Someone told me that csup(1) supported this option before, but abandon it now(I am not sure about this).

Since I still run FreeBSD 8.0 release, I don't know whether 8.1 or current branch's example make.conf file still contains "-g" option.

I think maybe the corresponding developer forgot to update this example file.


----------



## SirDice (Sep 1, 2010)

fender0107401 said:
			
		

> I think "-g" is redundant.
> 
> csup(1) do not support this option.
> 
> Why it is still listed in the example make.conf file?

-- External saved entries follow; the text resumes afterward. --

lemma Min_gram_det_max_indep_subsets:
  fixes S :: "'a::euclidean_space set"
  assumes "finite S" and unit: "\<And>b. b \<in> S \<Longrightarrow> norm b = 1"
  shows "0 < Min (gram_det ` max_indep_subsets S) \<and> Min (gram_det ` max_indep_subsets S) \<le> 1"
proof -
  obtain B where "B \<subseteq> S" "independent B" "S \<subseteq> span B"
    using maximal_independent_subset by blast
  then have "max_indep_subsets S \<noteq> {}" using spanning_independent_in_max_indep_subsets by blast
  moreover have "finite (max_indep_subsets S)" using assms(1) by (rule finite_max_indep_subsets)
  ultimately have "Min (gram_det ` max_indep_subsets S) \<in> gram_det ` max_indep_subsets S" by simp
  then obtain B' where "B' \<subseteq> S" "independent B'" "Min (gram_det ` max_indep_subsets S) = gram_det B'"
    unfolding max_indep_subsets_def by auto
  moreover have "\<And>b. b \<in> B' \<Longrightarrow> norm b = 1" using \<open>B' \<subseteq> S\<close> unit by blast
  ultimately show ?thesis using gram_det_pos_le_1[of B'] by simp
qed

lemma gamma_bounds:
  fixes v :: "nat \<Rightarrow> 'a::euclidean_space"
  assumes "\<And>k. v k \<noteq> 0"
  shows "0 \<le> gamma v R l \<and> gamma v R l < 1"
proof -
  have "finite (block_set v R l)" by (simp add: block_set_def)
  moreover have "norm b = 1" if "b \<in> block_set v R l" for b
    using that assms by (auto simp: block_set_def)
  ultimately show ?thesis
    using Min_gram_det_max_indep_subsets[of "block_set v R l"] unfolding gamma_def by simp
qed

lemma tau_SucD:
  assumes "tau v R (Suc l) = enat t"
  obtains t' where "tau v R l = enat t'" "block_start v R (Suc l) = (if l = 0 then 0 else t' + 1)"
    "block_start v R (Suc l) \<le> t" "span (v ` {block_start v R (Suc l)..t}) = R"
proof (cases "tau v R l")
  case (enat t')
  define s where "s = (if l = 0 then 0 else t' + 1)"
  have start: "block_start v R (Suc l) = s" unfolding block_start_def s_def using enat by simp
  have "\<exists>k\<ge>s. span (v ` {s..k}) = R"
    using assms enat by (auto simp: s_def Let_def split: if_splits)
  moreover from this have "t = (LEAST k. s \<le> k \<and> span (v ` {s..k}) = R)"
    using assms enat by (simp add: s_def Let_def)
  ultimately have "s \<le> t \<and> span (v ` {s..t}) = R" by (metis (mono_tags, lifting) LeastI_ex)
  then show ?thesis using that enat start s_def by auto
qed (use assms in simp)

lemma tau_le_Suc: "tau v R l = enat t \<Longrightarrow> l \<le> t + 1"
proof (induction l arbitrary: t)
  case (Suc l)
  then obtain t' where "tau v R l = enat t'" "block_start v R (Suc l) = (if l = 0 then 0 else t' + 1)"
    "block_start v R (Suc l) \<le> t"
    by (elim tau_SucD)
  then show ?case using Suc.IH by (cases "l = 0") fastforce+
qed simp

lemma Lk_0: "Lk v R 0 = 0"
proof -
  have "\<not> tau v R l + 1 \<le> enat 0" for l by (cases "tau v R l") (simp_all add: one_enat_def)
  then show ?thesis by (simp add: Lk_def)
qed

lemma tau_Lk:
  assumes "0 < k"
  obtains t where "tau v R (Lk v R k) = enat t" "t + 1 \<le> k"
proof -
  let ?P = "\<lambda>l. tau v R l + 1 \<le> enat k"
  have P0: "?P 0" using assms by (simp add: one_enat_def)
  have "l \<le> k" if "?P l" for l
    using that tau_le_Suc[of v R l] by (cases "tau v R l") (auto simp: one_enat_def)
  then have "?P (Greatest ?P)" using GreatestI_nat[of ?P 0 k] P0 by blast
  then have "?P (Lk v R k)" unfolding Lk_def using P0 by auto
  then show ?thesis using that by (cases "tau v R (Lk v R k)") (auto simp: one_enat_def)
qed

context
  fixes v :: "nat \<Rightarrow> 'a::euclidean_space" and R :: "'a set"
  assumes nonzero: "\<And>k. v k \<noteq> 0" and in_R: "\<And>k. v k \<in> R" and subspace_R: "subspace R"
begin

lemma proj_perp_iter_in_R: "z \<in> R \<Longrightarrow> proj_perp_iter v s n z \<in> R"
  using proj_perp_iter_in_subspace[OF subspace_R in_R] .

lemma proj_perp_iter_block_contraction:
  assumes tau: "tau v R (Suc l) = enat t" and z: "z \<in> R"
  shows "(norm (proj_perp_iter v 0 (t + 1) z))\<^sup>2
    \<le> gamma v R (Suc l) * (norm (proj_perp_iter v 0 (block_start v R (Suc l)) z))\<^sup>2"
proof -
  define s where "s = block_start v R (Suc l)"
  define n where "n = t + 1 - s"
  have "s \<le> t" and span_block: "span (v ` {s..t}) = R"
    using tau_SucD[OF tau] unfolding s_def by metis+
  then have block: "{s..<s+n} = {s..t}" by (auto simp: n_def)
  have sgn_block: "block_set v R (Suc l) = (\<lambda>j. sgn (v j)) ` {s..t}"
    using tau by (simp add: block_set_def s_def sgn_div_norm divide_inverse_commute)
  obtain B where B: "B \<subseteq> (\<lambda>j. sgn (v j)) ` {s..t}" "independent B"
      "span B = span ((\<lambda>j. sgn (v j)) ` {s..t})"
    and contr: "\<And>y. y \<in> span B \<Longrightarrow>
      (norm (proj_perp_iter (\<lambda>j. sgn (v j)) s n y))\<^sup>2 \<le> (1 - gram_det B) * (norm y)\<^sup>2"
    using proj_perp_iter_gram_contraction[of "\<lambda>j. sgn (v j)" s n] nonzero
    unfolding block by (auto simp: norm_sgn)
  have "span ((\<lambda>x. inverse (norm x) *\<^sub>R x) ` v ` {s..t}) = span (v ` {s..t})"
    by (rule span_image_scale) (use nonzero in auto)
  then have "span ((\<lambda>j. sgn (v j)) ` {s..t}) = span (v ` {s..t})"
    by (simp add: image_image sgn_div_norm)
  then have span_B: "span B = R" using B(3) span_block by simp
  have "(\<lambda>j. sgn (v j)) ` {s..t} \<subseteq> span B" unfolding B(3) by (rule span_superset)
  then have "B \<in> max_indep_subsets (block_set v R (Suc l))"
    unfolding sgn_block using B(1,2) by (intro spanning_independent_in_max_indep_subsets)
  then have "Min (gram_det ` max_indep_subsets (block_set v R (Suc l))) \<le> gram_det B"
    by (intro Min_le finite_imageI finite_max_indep_subsets imageI) (simp_all add: sgn_block)
  then have "1 - gram_det B \<le> gamma v R (Suc l)" unfolding gamma_def by linarith
  have "proj_perp_iter v 0 (t + 1) z = proj_perp_iter (\<lambda>j. sgn (v j)) s n (proj_perp_iter v 0 s z)"
    using proj_perp_iter_add_steps[of v 0 s n z] \<open>s \<le> t\<close> by (simp add: n_def proj_perp_iter_sgn)
  then have "(norm (proj_perp_iter v 0 (t + 1) z))\<^sup>2 \<le> (1 - gram_det B) * (norm (proj_perp_iter v 0 s z))\<^sup>2"
    using contr proj_perp_iter_in_R[OF z] span_B by simp
  also have "\<dots> \<le> gamma v R (Suc l) * (norm (proj_perp_iter v 0 s z))\<^sup>2"
    using \<open>1 - gram_det B \<le> gamma v R (Suc l)\<close> by (rule mult_right_mono) simp
  finally show ?thesis unfolding s_def .
qed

Because cvsup does have that option. And cvsup was the way to do it before csup was added to the base.


----------



## DutchDaemon (Sep 1, 2010)

In other words, the -g flag is in there for compatibility between cvsup and csup. It is silently ignored by csup.


----------



## phoenix (Sep 1, 2010)

On the flip side, now that csup has been added to the base for more than 1 major version, perhaps it's time to update the includes docs and examples to remove historical cruft?

Submitting doc PRs for this may be desirable, if for no other reason than starting the discussion.


----------



## fender0107401 (Sep 2, 2010)

I sent a report through http://www.freebsd.org/send-pr.html.

Seems the web page is more easy to use than send-pr(1).


----------